Engineering M13

M13 is a phage that target E.coli. Our goal is to create a engineered M13 phage-like particle that will be specific to Xylella fastidiosa. To do so we look into the attachment protein of M13. This protein contain three domains (D1, D2 and D3) and a signal sequence. In filamentous phages, only D1 and D2 are crucial for target attachment. The signal sequence is crucial for the excretion of p3 in the periplasm^[1] and D3 is important for phage formation.

In our design we choose to use M13KO7 from New England BioLab. M13KO7 is an M13 derivative which carries the mutation Met40Ile in gII, with the origin of replication from P15A and the kanamycin resistance gene from Tn903 both inserted within the M13 origin of replication.

In order to engineered multiple phages to infect various pathogenes we first decided to remove D1 and D2 and replace them with the D1 and D2 of X. fastidiosa's filamentous phage^[2]. Thus we design the biobrick with the attachment domains for E.coli [http://parts.igem.org/Part:BBa_K2255008 BBa_K2255008] and X. fastidiosa [http://parts.igem.org/Part:BBa_K2255018 BBa_K2255018]. In our design we initialy wanted to keep the signal sequence and D3 of M13, because their are crucial for the formation of the phage.

To enable D1-D2 switch we insert two restriction site (AvrII and BspI) in the p3 gene which are compatible with XbaI and AgeI. With this modification we remove D1 abd D2 from p3 gene, but we also remove the signal sequence. As we remove it with our construction, we must put another one. Thus we design [http://parts.igem.org/Part:BBa_K2255007 BBa_K2255007].

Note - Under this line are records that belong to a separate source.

lemma ennreal_gibbs_ineq:
  fixes t S L :: real
  assumes t: "0 < t" and S: "0 < S" "S \<le> 1" and L: "0 \<le> L"
  shows "ennreal (- ln t) + ennreal (- ln S) + 1 \<le> ennreal (ln t) + ennreal L + ennreal (exp (- L) / S / t)"
proof -
  define u where "u = exp (- L) / S / t"
  have u: "0 < u" using t S by (simp add: u_def)
  have "ln u = - L - ln S - ln t"
    using t S by (simp add: u_def ln_div ln_mult)
  then have "max (- ln t) 0 + max (- ln S) 0 + max 1 0 \<le> max (ln t) 0 + max L 0 + max u 0"
    using ln_le_minus_one[OF u] S L u by (auto simp: max_def)
  then show ?thesis
    unfolding u_def[symmetric] ennreal_1[symmetric] ennreal_add_ennreal
    by (simp add: ennreal_leI del: ennreal_plus ennreal_1)
qed

context blahut
begin

definition blahut_value :: "'b measure \<Rightarrow> ennreal" where
  "blahut_value Q = (\<integral>\<^sup>+ x. ennreal (- ln (blahut_sigma d lam Q x)) \<partial>P)"

lemma measurable_minus_ln_blahut_sigma:
  assumes Q: "Q \<in> space (prob_algebra MY)"
  shows "(\<lambda>x. ennreal (- ln (blahut_sigma d lam Q x))) \<in> borel_measurable P"
  using measurable_blahut_sigma[OF Q] by measurable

Another way to engineered M13, is to remove entierely the protein III from the phage genome and to reconstruct it in another plasmid. Thus, we create another part : [http://parts.igem.org/Part:BBa_K2255005 BBa_K2255005], which is the domain involved in the assembly and release of M13 particles.

Phagemid

As M13KO7 genome is not capable to be used for the phage assemblage, we will use a phagemid which will carry a toxin to assemble our ingeneered M13 phage.

We thought about using the [http://parts.igem.org/Part:BBa_K1491017 Super Nova toxin], made by the iGEM team Carnegie Mellon in 2014. This toxin has multiple benefits, because of the production of ROS occuring only in a yellow - orange light, we can produce phages-like particules carring this toxin without killing E.coli. However, when this toxin will be produced in X. fastidiosa with the light coming from the sun, the bacterium will be harmed, even if it is in the Xylem vessels. To optimise the production of this toxin in X. fastidiosa we tried to find a strong and constitutive promoter of this bacterium.

To deliver our toxin, either we created a phagemid that contain the [http://parts.igem.org/Part:BBa_K1445000 M13 origin] (oriM13) which will gives it the opportunity to be used in the phage construction, or we used the phagemid pBluescript II KS(+). Both of those phagemid contain a M13 origin of replication and a gene for antibiotic resistance. We insert in both, [http://parts.igem.org/Part:BBa_K608002 E.coli promoter] or [http://parts.igem.org/Part:BBa_K2255004 X. fastidiosa promoter] along with SuperNova gene.

References

1. ↑ Heilpern, A. J. & Waldor, M. K. pIIICTX, a predicted CTXphi minor coat protein, can expand the host range of coliphage fd to include Vibrio cholerae. J. Bacteriol. 185, 1037–1044 (2003).
2. ↑ Chen, J. & Civerolo, E. L. Morphological evidence for phages in Xylella fastidiosa. Virology Journal 5, 75 (2008).